The area Rutherford's troops waited in on this stop would later become Clyde NC, and we can imagine Jacob and Andrew as they took in its wonders. They probably hunted the nearby hills of the Newfound Range and fished the crystal waters of the Pigeon and determined that when all this was over they would return to this spot. And they did, ten years later, to live and raise families.

Ready to march finally, Rutherford broke camp and began to feel his way steadily forward. Several "scouting parties" would range ahead, guided by friendly Indians. They might surprise a few enfeeble and old inhabitants as they broke from the woods upon a village, but in almost all cases the warning of their coming had preceded them and the inhabitants had taken to the hills. These scouts would summarily kill any inhabitants; no quarter was given for sex or age, as indeed none had been given by the Indian attacks on the Catawba.

It was no wonder that surprise was impossible, the army moved at a snails pace. Nineteen hundred and seventy foot soldiers, Eight hundred "light horse men" acting as scouts and guards, and fourteen hundred pack horses marched forward on the narrow path. Hours were spent clearing brush on the pathway so that a horse could pass. Here on the only track through the forest no thought had been put into their location by those who used it, if a man could step upon the earth it was all that was needed, for on foot was the Cherokee's only mode of transport. The column, thus constrained, stretched along for miles. One foot soldier was employed as driver over every four horses, and one pack master over each ten drivers. The column carried with them all the food and ammunition they would need for forty days.

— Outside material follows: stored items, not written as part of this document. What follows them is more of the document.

(* Consider a connectivity graph $G=(V,E)$ with source $s$, a set $R$ of $n$ relay nodes, and a terminal node $t$, and let $p'$ be the probability that two given nodes of $G$ are joined by an edge. Let $0\le k\le n$, let $(V_k,\overline{V}_k)$ be any partition of $R$ with $|V_k|=k$ and $|\overline V_k|=n-k$, and let $C_k$ be the capacity of the corresponding $s$-$t$-cut. Then for every $0<\epsilon<1$, $$\Pr\big[C_k\le (1-\epsilon)\,\mathbf{E}[C_k]\big]\;\le\;\exp\!\Big(-\Big(\frac{\epsilon^2 (n-k)\,p'}{2}-\ln(k+1)\Big)\Big).$$
   Context: Quasi random geometric graph: fix reals $0\le r<r'\le 1$ and $p\in[0,1]$. Nodes are placed independently and uniformly at random in $[0,1]^2$. For two nodes $u,v$ with Euclidean distance $d(u,v)$: $(u,v)\in E$ if $d(u,v)\le r$; $(u,v)\notin E$ if $d(u,v)>r'$; and $(u,v)\in E$ with probability $p$ if $r<d(u,v)\le r'$. The graph is undirected. Connectivity graph: $V=\{s\}\cup R\cup T$, where $s$ is a source node, $R$ is a set of $n$ relay nodes and $T$ is a set of terminal nodes, and the graph is a quasi random geometric graph on $V$, except that the source is never joined directly to a terminal (every message passes through at least one relay). The source only sends and the terminals only receive. Edge capacities are $C_{ij}=1$ if $(i,j)\in E$ and $C_{ij}=0$ otherwise, with $C_{ij}=C_{ji}$. The connection probability $p'$ is the probability that two given nodes are joined by an edge; it is the same for every pair of nodes that may be joined. Standing assumption: for each fixed vertex $i$, the indicators $\{C_{ij}\}_{j\neq i}$ are mutually independent Bernoulli($p'$) random variables. $s$-$t$-cut of size $k$: for a terminal $t\in T$, a partition $R=V_k\cup\overline V_k$ with $V_k\cap\overline V_k=\emptyset$, $|V_k|=k$ and $|\overline V_k|=n-k$. The sets $\{s\}\cup V_k$ and $\overline V_k\cup\{t\}$ are the two sides of the cut. Its capacity is $$C_k=\sum_{i\in\overline V_k}C_{si}+\sum_{j\in V_k}\sum_{i\in\overline V_k}C_{ji}+\sum_{j\in V_k}C_{jt}.$$ *)

theory Defs
  imports "HOL-Probability.Probability"
begin

definition conn_vertices :: "'v \<Rightarrow> 'v set \<Rightarrow> 'v set \<Rightarrow> 'v set" where
  "conn_vertices s R T = insert s (R \<union> T)"

text \<open>Capacity of the s-t-cut with sides {s} + Vk and Vkbar + {t}; C i j is the
  (random) 0/1 edge capacity between i and j.\<close>
definition cut_capacity ::
  "('v \<Rightarrow> 'v \<Rightarrow> 'w \<Rightarrow> real) \<Rightarrow> 'v \<Rightarrow> 'v \<Rightarrow> 'v set \<Rightarrow> 'v set \<Rightarrow> 'w \<Rightarrow> real" where
  "cut_capacity C s t Vk Vkbar \<omega> =
     (\<Sum>i\<in>Vkbar. C s i \<omega>) + (\<Sum>j\<in>Vk. \<Sum>i\<in>Vkbar. C j i \<omega>) + (\<Sum>j\<in>Vk. C j t \<omega>)"

end

theory Submission
  imports Defs
begin

text \<open>Split the cut at the source side: every vertex g of {s} \<union> Vk contributes the
  edges from g to the opposite side, which are independent Bernoulli(p') variables, at least
  n - k of them. A multiplicative Chernoff bound makes each of these k + 1 sums fall below
  (1 - \<epsilon>) times its mean with probability at most exp(-\<epsilon>^2 (n - k) p' / 2); if the whole cut
  falls below (1 - \<epsilon>) times its mean, one of the sums does, so a union bound costs the
  factor k + 1.\<close>

lemma exp_minus_le_quadratic:
  fixes x :: real
  assumes "0 \<le> x"
  shows "exp (- x) \<le> 1 - x + x\<^sup>2 / 2"
proof -
  let ?g = "\<lambda>x::real. 1 - x + x\<^sup>2 / 2 - exp (- x)"
  have "?g 0 \<le> ?g x"
  proof (rule DERIV_nonneg_imp_nondecreasing[OF assms])
    fix y :: real
    have "DERIV ?g y :> - 1 + y + exp (- y)"
      by (auto intro!: derivative_eq_intros simp: power2_eq_square)
    moreover have "0 \<le> - 1 + y + exp (- y)"
      using exp_ge_add_one_self[of "- y"] by linarith
    ultimately show "\<exists>d. DERIV ?g y :> d \<and> d \<ge> 0" by blast
  qed
  then show ?thesis by simp
qed

context prob_space
begin

lemma
  assumes "random_variable borel X" and "\<And>\<omega>. \<omega> \<in> space M \<Longrightarrow> X \<omega> \<in> {0, 1}"
  shows integrable_zero_one: "integrable M X"
    and expectation_zero_one: "expectation X = prob {\<omega> \<in> space M. X \<omega> = 1}"
proof -
  show "integrable M X"
    by (rule integrable_const_bound[where B = 1]) (use assms in force)+
  have "expectation X = expectation (indicator {\<omega> \<in> space M. X \<omega> = 1})"
    by (intro Bochner_Integration.integral_cong) (auto dest: assms(2) simp: indicator_def)
  then show "expectation X = prob {\<omega> \<in> space M. X \<omega> = 1}"
    by (simp add: Int_absorb2)
qed

lemma expectation_sum_zero_one:
  fixes X :: "'i \<Rightarrow> 'a \<Rightarrow> real" and p :: real
  assumes "\<And>i. i \<in> I \<Longrightarrow> random_variable borel (X i)"
    and "\<And>i \<omega>. i \<in> I \<Longrightarrow> \<omega> \<in> space M \<Longrightarrow> X i \<omega> \<in> {0, 1}"
    and "\<And>i. i \<in> I \<Longrightarrow> prob {\<omega> \<in> space M. X i \<omega> = 1} = p"
  shows "expectation (\<lambda>\<omega>. \<Sum>i\<in>I. X i \<omega>) = card I * p"
proof -
  have "expectation (\<lambda>\<omega>. \<Sum>i\<in>I. X i \<omega>) = (\<Sum>i\<in>I. expectation (X i))"
    using assms(1,2) integrable_zero_one by (intro Bochner_Integration.integral_sum) blast
  also have "\<dots> = (\<Sum>i\<in>I. p)"
    using assms expectation_zero_one by (intro sum.cong) auto
  finally show ?thesis
    by simp
qed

Finding the Cherokee massed on Jonathan's Creek ahead of him in ambush, Rutherford marched up the west fork of the Pigeon and crossed behind the warriors to the area of today's Waynesville. The Indians, outflanked, fell back to the wilds of Soco Gap and sent Rutherford a challenge. Rutherford ignored the insult and marched instead to Balsam Gap and crossed into the Tuckasegee Valley, a broad valley full of settlements and close to the heartland of the Cherokee.

Here, as in all the valleys of the Middle Kingdom, the towns stretched along creeks as groups of log huts not much different than Jacob and Andrew's own homes back on the Catawba. The cabins were more crowded together, and the towns were surrounded by a log stockade, with logs sharpened at the top. The town generally had a log gate at each end and a central street. In larger towns a mound was erected at the center and a hut was placed atop it marking a center for the ruling elder or priest. The rest of the bottom land for thousands of acres around the town was planted in communal crops, mostly Maize or "Indian Corn". Many towns also had the cabins of "traders" set at the foot of the mounds. Here people of white descent lived, many born of white fathers or grandfathers and Native American mothers. They were the unofficial agents of the King, and dispensed firearms, ammunition, overpriced goods such as metal tools and blankets, alcohol and bad advice on how to deal with the invaders. Of course these folks were not to be found.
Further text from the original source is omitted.